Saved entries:
§ §
text \<open>The torus T = R/Z is represented by real numbers, two reals being
  identified when they differ by an integer.  D_h P (x) = P(x+h) - P(x).\<close>
definition Dh :: "nat \<Rightarrow> (nat \<Rightarrow> nat) \<Rightarrow> ((nat \<Rightarrow> nat) \<Rightarrow> real) \<Rightarrow> ((nat \<Rightarrow> nat) \<Rightarrow> real)" where
  "Dh p h P = (\<lambda>x. P (vadd p x h) - P x)"

fun iter_D :: "nat \<Rightarrow> (nat \<Rightarrow> nat) list \<Rightarrow> ((nat \<Rightarrow> nat) \<Rightarrow> real) \<Rightarrow> ((nat \<Rightarrow> nat) \<Rightarrow> real)" where
  "iter_D p [] P = P"
| "iter_D p (y # ys) P = Dh p y (iter_D p ys P)"

text \<open>P : F_p^n -> T has degree at most d: D_{y_1}...D_{y_{d+1}} P vanishes
  identically in T, i.e. is integer-valued as a real function.\<close>
definition poly_deg_le :: "nat \<Rightarrow> nat \<Rightarrow> nat \<Rightarrow> ((nat \<Rightarrow> nat) \<Rightarrow> real) \<Rightarrow> bool" where
  "poly_deg_le p n d P \<longleftrightarrow>
     (\<forall>ys x. length ys = d + 1 \<longrightarrow> set ys \<subseteq> Fpn p n \<longrightarrow> x \<in> Fpn p n \<longrightarrow>
        iter_D p ys P x \<in> \<int>)"

text \<open>Canonical representatives of T^C: tuples with entries in [0,1) at
  coordinates i < C and 0 beyond.\<close>
definition TC :: "nat \<Rightarrow> (nat \<Rightarrow> real) set" where
  "TC C = {t. (\<forall>i<C. 0 \<le> t i \<and> t i < 1) \<and> (\<forall>i\<ge>C. t i = 0)}"

definition compose_GP :: "nat \<Rightarrow> ((nat \<Rightarrow> real) \<Rightarrow> real) \<Rightarrow> (nat \<Rightarrow> (nat \<Rightarrow> nat) \<Rightarrow> real)
    \<Rightarrow> (nat \<Rightarrow> nat) \<Rightarrow> real" where
  "compose_GP C \<Gamma> P = (\<lambda>x. \<Gamma> (\<lambda>i. if i < C then P i x else 0))"

definition affine_embeddings :: "nat \<Rightarrow> nat \<Rightarrow> nat \<Rightarrow> ((nat \<Rightarrow> nat) \<Rightarrow> (nat \<Rightarrow> nat)) set" where
  "affine_embeddings p m n =
     {A. \<exists>c v. c \<in> Fpn p n \<and> (\<forall>j<m. v j \<in> Fpn p n) \<and>
         A = restrict (\<lambda>y. (\<lambda>i. (c i + (\<Sum>j<m. y j * v j i)) mod p)) (Fpn p m) \<and>
         inj_on A (Fpn p m)}"

text \<open>mu_{f,m}: distribution of f' o A restricted to F_p^m (value False
  outside F_p^m), f'(x) = True with probability f x independently, A a
  uniformly random affine embedding.\<close>
definition mu :: "nat \<Rightarrow> nat \<Rightarrow> nat \<Rightarrow> ((nat \<Rightarrow> nat) \<Rightarrow> real) \<Rightarrow> ((nat \<Rightarrow> nat) \<Rightarrow> bool) pmf" where
  "mu p n m f =
     bind_pmf (pmf_of_set (affine_embeddings p m n)) (\<lambda>A.
       map_pmf (\<lambda>f'. (\<lambda>y. if y \<in> Fpn p m then f' (A y) else False))
         (Pi_pmf (Fpn p n) False (\<lambda>x. bernoulli_pmf (f x))))"

text \<open>Statistical distance of two distributions on {0,1}^{F_p^m}.\<close>
definition dTV :: "nat \<Rightarrow> nat \<Rightarrow> ((nat \<Rightarrow> nat) \<Rightarrow> bool) pmf \<Rightarrow> ((nat \<Rightarrow> nat) \<Rightarrow> bool) pmf \<Rightarrow> real" where
  "dTV p m \<mu> \<mu>' = (1/2) * (\<Sum>a\<in>{a. \<forall>y. y \<notin> Fpn p m \<longrightarrow> \<not> a y}. \<bar>pmf \<mu> a - pmf \<mu>' a\<bar>)"

end

theory Submission
  imports Defs
begin

text \<open>Only \<open>\<tau>\<close> matters: the bound holds for any degree (take \<open>d = 0\<close>), any \<open>p\<close>, and any
  functions \<open>f, g : \<bbbF>\<^sub>p\<^sup>n \<rightarrow> [0,1]\<close> with \<open>\<bar>f - g\<bar> \<le> \<tau>\<close>. Couple the random functions \<open>f'\<close> and \<open>g'\<close>
  pointwise and independently, so that \<open>f'(x) \<noteq> g'(x)\<close> with probability \<open>\<bar>f x - g x\<bar>\<close>. For every
  affine embedding \<open>A\<close> the pullbacks \<open>f' \<circ> A\<close> and \<open>g' \<circ> A\<close> then differ with probability at most
  \<open>p\<^sup>m \<tau>\<close> by the union bound over \<open>\<bbbF>\<^sub>p\<^sup>m\<close>, and the statistical distance of two distributions is
  at most the disagreement probability of any coupling of them.\<close>

definition bernoulli_coupling_prob :: "real \<Rightarrow> real \<Rightarrow> bool \<Rightarrow> real" where
  "bernoulli_coupling_prob a b s =
     (if s then (if a = 0 then 0 else min a b / a)
      else (if a = 1 then 0 else (b - min a b) / (1 - a)))"

text \<open>The maximal coupling of \<open>Ber(a)\<close> and \<open>Ber(b)\<close>: draw \<open>s \<sim> Ber(a)\<close>, then \<open>t\<close> with
  the conditional law that makes \<open>t \<sim> Ber(b)\<close> and \<open>t = s\<close> as often as possible.\<close>
definition bernoulli_coupling :: "real \<Rightarrow> real \<Rightarrow> (bool \<times> bool) pmf" where
  "bernoulli_coupling a b = do {
     s \<leftarrow> bernoulli_pmf a;
     map_pmf (Pair s) (bernoulli_pmf (bernoulli_coupling_prob a b s)) }"

lemma bernoulli_coupling_prob_range:
  assumes "0 \<le> a" "a \<le> 1" "0 \<le> b" "b \<le> 1"
  shows "0 \<le> bernoulli_coupling_prob a b s" "bernoulli_coupling_prob a b s \<le> 1"
  using assms by (auto simp: bernoulli_coupling_prob_def min_def field_simps)

lemma map_fst_bernoulli_coupling: "map_pmf fst (bernoulli_coupling a b) = bernoulli_pmf a"
  by (simp add: bernoulli_coupling_def map_bind_pmf map_pmf_comp bind_return_pmf')

lemma map_snd_bernoulli_coupling:
  assumes "0 \<le> a" "a \<le> 1" "0 \<le> b" "b \<le> 1"
  shows "map_pmf snd (bernoulli_coupling a b) = bernoulli_pmf b"
proof (rule pmf_eqI)
  fix t
  note range = bernoulli_coupling_prob_range[OF assms]
  have "map_pmf snd (bernoulli_coupling a b)
      = bernoulli_pmf a \<bind> (\<lambda>s. bernoulli_pmf (bernoulli_coupling_prob a b s))"
    by (simp add: bernoulli_coupling_def map_bind_pmf map_pmf_comp)
  moreover have "bernoulli_coupling_prob a b True * a + bernoulli_coupling_prob a b False * (1 - a) = b"
    using assms by (auto simp: bernoulli_coupling_prob_def min_def field_simps)
  ultimately show "pmf (map_pmf snd (bernoulli_coupling a b)) t = pmf (bernoulli_pmf b) t"
    using assms range by (cases t) (auto simp: pmf_bind algebra_simps)
qed

lemma measure_bernoulli_coupling_disagree:
  assumes "0 \<le> a" "a \<le> 1" "0 \<le> b" "b \<le> 1"
  shows "measure (bernoulli_coupling a b) {z. fst z \<noteq> snd z} = \<bar>a - b\<bar>"
proof -
  note range = bernoulli_coupling_prob_range[OF assms]
  have "measure (bernoulli_coupling a b) {z. fst z \<noteq> snd z}
      = pmf (map_pmf (\<lambda>z. fst z \<noteq> snd z) (bernoulli_coupling a b)) True"
    by (simp add: pmf_map vimage_def)
  also have "map_pmf (\<lambda>z. fst z \<noteq> snd z) (bernoulli_coupling a b)
      = bernoulli_pmf a \<bind> (\<lambda>s. map_pmf ((\<noteq>) s) (bernoulli_pmf (bernoulli_coupling_prob a b s)))"
    by (simp add: bernoulli_coupling_def map_bind_pmf map_pmf_comp)
  also have "pmf \<dots> True
      = (1 - bernoulli_coupling_prob a b True) * a + bernoulli_coupling_prob a b False * (1 - a)"
  proof -
    have events: "Collect Not = {False}" "{t. t} = {True}" by auto
    show ?thesis
      using assms range by (simp add: events pmf_bind pmf_map vimage_def measure_pmf_single)
  qed
  also have "\<dots> = \<bar>a - b\<bar>"
    using assms by (auto simp: bernoulli_coupling_prob_def min_def field_simps)
  finally show ?thesis .
qed

lemma sum_abs_pmf_marginals_le:
  fixes W :: "('a \<times> 'a) pmf"
  assumes "finite \<Omega>"
  shows "(\<Sum>a\<in>\<Omega>. \<bar>pmf (map_pmf fst W) a - pmf (map_pmf snd W) a\<bar>)
           \<le> 2 * measure W {z. fst z \<noteq> snd z}"
proof -
  define D where "D = {z::'a \<times> 'a. fst z \<noteq> snd z}"
  define F where "F a = {z. fst z = a} \<inter> D" for a
  define G where "G a = {z. snd z = a} \<inter> D" for a
  define E where "E a = {z. fst z = a \<and> snd z = a}" for a :: 'a
  have fst_split: "pmf (map_pmf fst W) a = measure W (F a) + measure W (E a)" for a
  proof -
    have "{z. fst z = a} = F a \<union> E a" "F a \<inter> E a = {}" by (auto simp: F_def E_def D_def)
    then show ?thesis by (simp add: pmf_map vimage_def measure_pmf.finite_measure_Union)
  qed
  have snd_split: "pmf (map_pmf snd W) a = measure W (G a) + measure W (E a)" for a
  proof -
    have "{z. snd z = a} = G a \<union> E a" "G a \<inter> E a = {}" by (auto simp: G_def E_def D_def)
    then show ?thesis by (simp add: pmf_map vimage_def measure_pmf.finite_measure_Union)
  qed
  have disjoint_union_le: "(\<Sum>a\<in>\<Omega>. measure W (H a)) \<le> measure W D"
    if "disjoint_family_on H \<Omega>" "\<And>a. H a \<subseteq> D" for H
  proof -
    have "(\<Sum>a\<in>\<Omega>. measure W (H a)) = measure W (\<Union>a\<in>\<Omega>. H a)"
      using that assms by (simp add: measure_pmf.finite_measure_finite_Union)
    also have "\<dots> \<le> measure W D"
      using that by (intro measure_pmf.finite_measure_mono) auto
    finally show ?thesis .
  qed
  have "(\<Sum>a\<in>\<Omega>. \<bar>pmf (map_pmf fst W) a - pmf (map_pmf snd W) a\<bar>)
      \<le> (\<Sum>a\<in>\<Omega>. measure W (F a)) + (\<Sum>a\<in>\<Omega>. measure W (G a))"
    unfolding sum.distrib[symmetric] by (intro sum_mono) (simp add: fst_split snd_split abs_le_iff)
  also have "\<dots> \<le> measure W D + measure W D"
    by (intro add_mono disjoint_union_le) (auto simp: disjoint_family_on_def F_def G_def)
  finally show ?thesis by (simp add: D_def)
qed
§ §
From the first line of the data above to the line holding "identified when they", reproduce each line exactly; emit no other lines.

text \<open>The torus T = R/Z is represented by real numbers, two reals being
  identified when they differ by an integer.  D_h P (x) = P(x+h) - P(x).\<close>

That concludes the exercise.